Abstract

Background: Immunosuppressants or anti-inflammatory drugs was used in treatment of bowel disease. The aim of the present article was to evaluate the intestinal anti-inflammatory properties activity of resveratrol nanoemulsion (RENE) against ulcerative colitis induced by DSS in rats.

Results: RENE was prepared with size of 49.5 ± 0.05 nm and zeta potential of +15.75 with the observed shapes of nanoparticle was spherical. Also, RENE (39.75 mg/kg b.w.) was administered orally to DSS-induced colitic rats for 21 days

RENE (100 µM) significantly reduces in vitro the release of TGFB1 in the extracellular matrix of in human intestinal colorectal adenocarcinoma cell line and human colon carcinoma cell line HT29. The daily oral administration of the RENE at a concentration of 39.75 mg/kg body weight for 21 days to rats ameliorated the histological damage, body weight, DAI score, colon length and severity of DSS- induced colitis, and improved the compromised oxidative status of the colon.
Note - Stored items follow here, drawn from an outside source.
(* Let $\mu\in\mathbb R\setminus\{0\}$ and $r=\frac{\mu}{e^{\mu}-1}$. Then for all $x\in[0,1]$, $$1-e^{-\mu x}\le\left(1-e^{-\mu}\right)x^{r}.$$
   Context: Here $x^r$ at $x=0$ is interpreted as $0$ (note $r>0$). *)

theory Defs
  imports Complex_Main
begin

end

theory Submission
  imports Defs "HOL-Analysis.Analysis"
begin

text \<open>With \<open>r = \<mu> / (exp \<mu> - 1) > 0\<close>, the function
  \<open>\<phi> t = (1 - exp (- \<mu> t)) * t powr (- r)\<close> is nondecreasing on \<open>(0, 1]\<close>: its derivative is
  \<open>t powr (- r - 1) * exp (- \<mu> t) * (\<mu> t - r (exp (\<mu> t) - 1))\<close>, and
  \<open>r (exp (\<mu> t) - 1) \<le> r t (exp \<mu> - 1) = \<mu> t\<close> by convexity of \<open>exp\<close> along the chord
  from \<open>0\<close> to \<open>\<mu>\<close>. Hence \<open>\<phi> x \<le> \<phi> 1 = 1 - exp (- \<mu>)\<close>.\<close>

lemma exp_mult_le_chord:
  fixes \<mu> x :: real
  assumes "0 \<le> x" "x \<le> 1"
  shows "exp (\<mu> * x) - 1 \<le> x * (exp \<mu> - 1)"
proof -
  have "exp ((1 - x) * 0 + x * \<mu>) \<le> (1 - x) * exp 0 + x * exp \<mu>"
    using convex_onD[OF exp_convex, of x 0 \<mu>] assms by simp
  then show ?thesis by (simp add: algebra_simps)
qed

lemma divide_exp_minus_one_pos:
  fixes \<mu> :: real
  assumes "\<mu> \<noteq> 0"
  shows "0 < \<mu> / (exp \<mu> - 1)"
  using assms by (cases "\<mu> > 0") (auto simp: zero_less_divide_iff)

lemma one_minus_exp_mult_powr_mono:
  fixes \<mu> r x y :: real
  assumes "0 < x" "x \<le> y"
    and sign: "\<And>t. x \<le> t \<Longrightarrow> t \<le> y \<Longrightarrow> r * (exp (\<mu> * t) - 1) \<le> \<mu> * t"
  shows "(1 - exp (- \<mu> * x)) * x powr (- r) \<le> (1 - exp (- \<mu> * y)) * y powr (- r)"
proof (rule DERIV_nonneg_imp_nondecreasing[OF \<open>x \<le> y\<close>])
  fix t assume t: "x \<le> t" "t \<le> y"
  then have "0 < t" using \<open>0 < x\<close> by simp
  let ?D = "\<mu> * exp (- \<mu> * t) * t powr (- r) + (1 - exp (- \<mu> * t)) * (- r * t powr (- r - 1))"
  have deriv: "((\<lambda>t. (1 - exp (- \<mu> * t)) * t powr (- r)) has_real_derivative ?D) (at t)"
    using \<open>0 < t\<close> by (auto intro!: derivative_eq_intros)
  have "t powr (- r - 1) = t powr (- r) / t" "exp (\<mu> * t) * exp (- \<mu> * t) = 1"
    using \<open>0 < t\<close> by (simp_all add: powr_diff flip: exp_add)
  then have "?D = t powr (- r - 1) * exp (- \<mu> * t) * (\<mu> * t - r * (exp (\<mu> * t) - 1))"
    using \<open>0 < t\<close> by (simp add: field_simps)
  also have "\<dots> \<ge> 0"
    using sign[OF t] by simp
  finally show "\<exists>D. ((\<lambda>t. (1 - exp (- \<mu> * t)) * t powr (- r)) has_real_derivative D) (at t) \<and> 0 \<le> D"
    using deriv by blast
qed

theorem mainTheorem4:
  fixes \<mu> x :: real
  assumes "\<mu> \<noteq> 0"
    and "0 \<le> x" and "x \<le> 1"
  shows "1 - exp (- \<mu> * x) \<le> (1 - exp (- \<mu>)) * x powr (\<mu> / (exp \<mu> - 1))"
proof (cases "x = 0")
  case True
  then show ?thesis by simp
next
  case False
  with assms have "0 < x" by simp
  define r where "r = \<mu> / (exp \<mu> - 1)"
  have "0 < r" unfolding r_def using divide_exp_minus_one_pos[OF \<open>\<mu> \<noteq> 0\<close>] .
  have "r * (exp (\<mu> * t) - 1) \<le> \<mu> * t" if "0 \<le> t" "t \<le> 1" for t
  proof -
    have "r * (exp (\<mu> * t) - 1) \<le> r * (t * (exp \<mu> - 1))"
      using exp_mult_le_chord[OF that] \<open>0 < r\<close> by (simp add: mult_left_mono)
    also have "\<dots> = \<mu> * t"
      using \<open>\<mu> \<noteq> 0\<close> unfolding r_def by simp
    finally show ?thesis .
  qed
  then have "(1 - exp (- \<mu> * x)) * x powr (- r) \<le> (1 - exp (- \<mu>)) * 1 powr (- r)"
    using one_minus_exp_mult_powr_mono[of x 1 r \<mu>] \<open>0 < x\<close> \<open>x \<le> 1\<close> by simp
  then have "(1 - exp (- \<mu> * x)) * (x powr (- r) * x powr r) \<le> (1 - exp (- \<mu>)) * x powr r"
    by (simp add: mult_right_mono flip: mult.assoc)
  moreover have "x powr (- r) * x powr r = 1"
    using \<open>0 < x\<close> by (simp flip: powr_add)
  ultimately show ?thesis
    unfolding r_def by simp
qed

end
However, only the rats treated with RENE showed a significant reduction in the levels of different pro-inflammatory cytokines (TNF- α and MPO) and nitric oxide in comparison with the DSS control group. Moreover, RENE significantly decreases the gene expression of TGFB1 and IL-4 as well as significantly increases the gene expression of trefoil factor 3 (TFF3) in comparison with the DSS control group.

Conclusion: The results clearly suggest that RENE displayed intestinal anti-inflammatory properties in the DSS model of colitis in rats, which were improved by functionalization with the TGFB1, IL-4 and TFF3 gene expression.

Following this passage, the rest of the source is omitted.